Direct Line
- Trade name: Direct Line
- Industry: Insurance
- Founder: Martin Long Peter Wood
- Headquarters: Bromley, England
- Products: Vehicle insurance, Home insurance, Pet insurance, Life insurance, Travel insurance, Business insurance
- Brands: Direct Line for Business
- Number of employees: <10,000
- Parent: Direct Line Group
- Website: www.directline.com

= Direct Line =

British insurance company

Direct Line is an insurance company based in Bromley, England. Founded in 1985, as the country's first direct car insurance company, it has since expanded to offer a range of general insurance products. Its policies are underwritten by the regulated subsidiary UK Insurance Limited, and it is owned by the Direct Line Group.

==History==
It was founded in Croydon by Martin Long and Peter Wood in 1985 as the insurance division of Royal Bank of Scotland.

In 1988, it started to sell home insurance. Direct Line is renowned for having transformed financial services in the United Kingdom.

The mascot had altered slightly over the years; being accompanied by a red mouse on wheels to represent the company's website in 2005, which was dropped in 2020, with another re brand leaving the phone on its own once more. In September 2014, the brand worked with Saatchi and Saatchi to relaunch its advertising, which saw Hollywood actor Harvey Keitel reprise his role as the character Winston Wolfe from the 1994 film Pulp Fiction. The company had one million customers after eight years by June 2003.

The innovations extended into the 2000s with the launch of the first online claims registration and tracking facility in the United Kingdom for its motor insurance customers in 2001, and Home Response 24 Emergency Insurance, launching in 2003.

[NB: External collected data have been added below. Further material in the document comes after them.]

lemma emeasure_times_emeasure_le_local_correlation:
  fixes A D :: "(real^'n) set" and a :: "real^'n" and r :: real
  defines "Q \<equiv> cbox a (a + r *\<^sub>R One)"
  assumes [measurable]: "A \<in> sets borel" "D \<in> sets borel"
    and AQ: "A \<subseteq> Q" and DQ: "D \<subseteq> Q" and disj: "A \<inter> D = {}" and K: "K \<ge> 1"
  shows "emeasure lborel A * emeasure lborel D
     \<le> ennreal (real K ^ (CARD('n) + 1)) * local_correlation A D (r / real K)
       + of_nat (K - 1) * (2 ^ CARD('n) * emeasure lborel (Q - (A \<union> D)) * emeasure lborel Q)"
proof -
  define T :: "nat \<Rightarrow> real^'n \<Rightarrow> real^'n \<Rightarrow> ennreal" where
    "T j x w = indicator A (x + (real j / real K) *\<^sub>R w)
      * indicator D (x + (real j / real K) *\<^sub>R w + (1 / real K) *\<^sub>R w) * indicator (centred_cube r) w"
    for j x w
  define U :: "nat \<Rightarrow> real^'n \<Rightarrow> real^'n \<Rightarrow> ennreal" where
    "U j x w = indicator (Q - (A \<union> D)) (x + (real j / real K) *\<^sub>R w) * indicator Q x * indicator Q (x + w)"
    for j x w
  have [measurable]: "Q \<in> sets borel"
    unfolding Q_def by simp
  have [measurable]: "case_prod (T j) \<in> borel_measurable (lborel \<Otimes>\<^sub>M lborel)"
    "case_prod (U j) \<in> borel_measurable (lborel \<Otimes>\<^sub>M lborel)" for j
    unfolding T_def U_def by measurable
  have "emeasure lborel A * emeasure lborel D
      = (\<integral>\<^sup>+w. \<integral>\<^sup>+x. indicator A x * indicator D (x + w) \<partial>lborel \<partial>lborel)"
    by (rule emeasure_times_emeasure_eq_correlation) measurable
  also have "\<dots> \<le> (\<integral>\<^sup>+w. \<integral>\<^sup>+x. (\<Sum>j<K. T j x w) + (\<Sum>j\<in>{1..<K}. U j x w) \<partial>lborel \<partial>lborel)"
  proof (intro nn_integral_mono)
    show "indicator A x * indicator D (x + w) \<le> (\<Sum>j<K. T j x w) + (\<Sum>j\<in>{1..<K}. U j x w)" for x w
      unfolding T_def U_def Q_def
      by (rule indicator_pair_le_walk) (use AQ DQ disj K in \<open>simp_all add: Q_def\<close>)
  qed
  also have "\<dots> = (\<integral>\<^sup>+w. (\<Sum>j<K. \<integral>\<^sup>+x. T j x w \<partial>lborel) + (\<Sum>j\<in>{1..<K}. \<integral>\<^sup>+x. U j x w \<partial>lborel) \<partial>lborel)"
    by (intro nn_integral_cong) (simp add: nn_integral_add nn_integral_sum)
  also have "\<dots> = (\<Sum>j<K. \<integral>\<^sup>+w. \<integral>\<^sup>+x. T j x w \<partial>lborel \<partial>lborel)
      + (\<Sum>j\<in>{1..<K}. \<integral>\<^sup>+w. \<integral>\<^sup>+x. U j x w \<partial>lborel \<partial>lborel)"
    by (simp add: nn_integral_add nn_integral_sum)
  also have "\<dots> \<le> (\<Sum>j<K. ennreal (real K ^ CARD('n)) * local_correlation A D (r / real K))
      + (\<Sum>j\<in>{1..<K}. 2 ^ CARD('n) * emeasure lborel (Q - (A \<union> D)) * emeasure lborel Q)"
  proof (intro add_mono sum_mono)
    show "(\<integral>\<^sup>+w. \<integral>\<^sup>+x. T j x w \<partial>lborel \<partial>lborel)
        \<le> ennreal (real K ^ CARD('n)) * local_correlation A D (r / real K)" for j
      unfolding T_def using K by (simp add: nn_integral_walk_step)
    show "(\<integral>\<^sup>+w. \<integral>\<^sup>+x. U j x w \<partial>lborel \<partial>lborel)
        \<le> 2 ^ CARD('n) * emeasure lborel (Q - (A \<union> D)) * emeasure lborel Q" if "j \<in> {1..<K}" for j
      unfolding U_def using nn_integral_segment_point_le[of "Q - (A \<union> D)" Q "real j / real K"] that
      by simp
  qed
  also have "\<dots> = ennreal (real K ^ (CARD('n) + 1)) * local_correlation A D (r / real K)
       + of_nat (K - 1) * (2 ^ CARD('n) * emeasure lborel (Q - (A \<union> D)) * emeasure lborel Q)"
  proof -
    have "of_nat K * (ennreal (real K ^ CARD('n)) * local_correlation A D (r / real K))
        = ennreal (real K ^ (CARD('n) + 1)) * local_correlation A D (r / real K)"
      by (simp add: mult.assoc[symmetric] ennreal_of_nat_eq_real_of_nat ennreal_mult'[symmetric] mult.commute)
    then show ?thesis
      by simp
  qed
  finally show ?thesis .
qed
lemma infinite_traversed_edges:
  assumes \<gamma>: "\<gamma> \<in> paths_to_infinity (sub_V V E k) (sub_E E k) w"
  shows "infinite {e \<in> edges E. edge_interior k e \<subseteq> range \<gamma>}" (is "infinite ?T")
proof
  assume "finite ?T"
  define C where "C = \<Union>?T \<union> host w"
  have "\<gamma> 0 = w" "\<gamma> 0 \<in> sub_V V E k"
    using \<gamma> unfolding paths_to_infinity_def by auto
  then have "finite (host w)"
    using host_sub_V by simp
  moreover have "finite e" if "e \<in> edges E" for e
    using that by (rule edgesE) simp
  ultimately have "finite C"
    using \<open>finite ?T\<close> unfolding C_def by auto
  moreover have "host w \<subseteq> C"
    unfolding C_def by simp
  ultimately obtain y z where "E y z" "z \<notin> C" "edge_interior k {y, z} \<subseteq> range \<gamma>"
    by (rule path_leaves_along_edge[OF \<gamma>])
  then have "{y, z} \<in> ?T"
    by (auto simp: edges_def)
  then have "z \<in> C"
    unfolding C_def by blast
  with \<open>z \<notin> C\<close> show False ..
qed

lemma sum_subdivision_metric_edge:
  assumes "e \<in> edges E"
  shows "(\<Sum>x\<in>edge_interior k e. subdivision_metric k x) = 1"
    and "(\<Sum>x\<in>edge_interior k e. (subdivision_metric k x)\<^sup>2) = 1 / real (k e)"
proof -
  obtain u v where "e = {u, v}" "u \<noteq> v"
    using assms by (rule edgesE)
  moreover have "k {u, v} > 0" by (rule k_pos)
  ultimately show "(\<Sum>x\<in>edge_interior k e. subdivision_metric k x) = 1"
    and "(\<Sum>x\<in>edge_interior k e. (subdivision_metric k x)\<^sup>2) = 1 / real (k e)"
    using sum_subdivision_metric_edge_interior[where k = k and f = "\<lambda>t. t"]
      sum_subdivision_metric_edge_interior[where k = k and f = "\<lambda>t. t\<^sup>2"]
    by (simp_all add: power2_eq_square)
qed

In December 2024, Direct Line launched three motor insurance products on the price comparison website which are available on Compare the Market.

==Controversy==
In January 2012, Direct Line, along with sister company Churchill Insurance, was fined £2.17m by the FSA, after being found guilty of altering complaints files.

==Awards==
Direct Line has won a number of awards including:

- Financial Services Forum Awards 2016: Advertising; Customer Experience; Customer Loyalty and Retention, Judges' Special Award for Marketing Excellence.
- YourMoney.com Awards 2016: Direct Winners – Best Direct Car Insurance Provider
- Your Money Awards 2015: Direct Winners – Best Direct Car Insurance Provider

==Rebranding==
In Italy and Germany, Direct Line was acquired by MAPFRE Group in September 2014, and re branded to Verti in January 2017. Verti is a brand owned by MAPFRE Group, operating in Italy, Germany, Spain and the United States.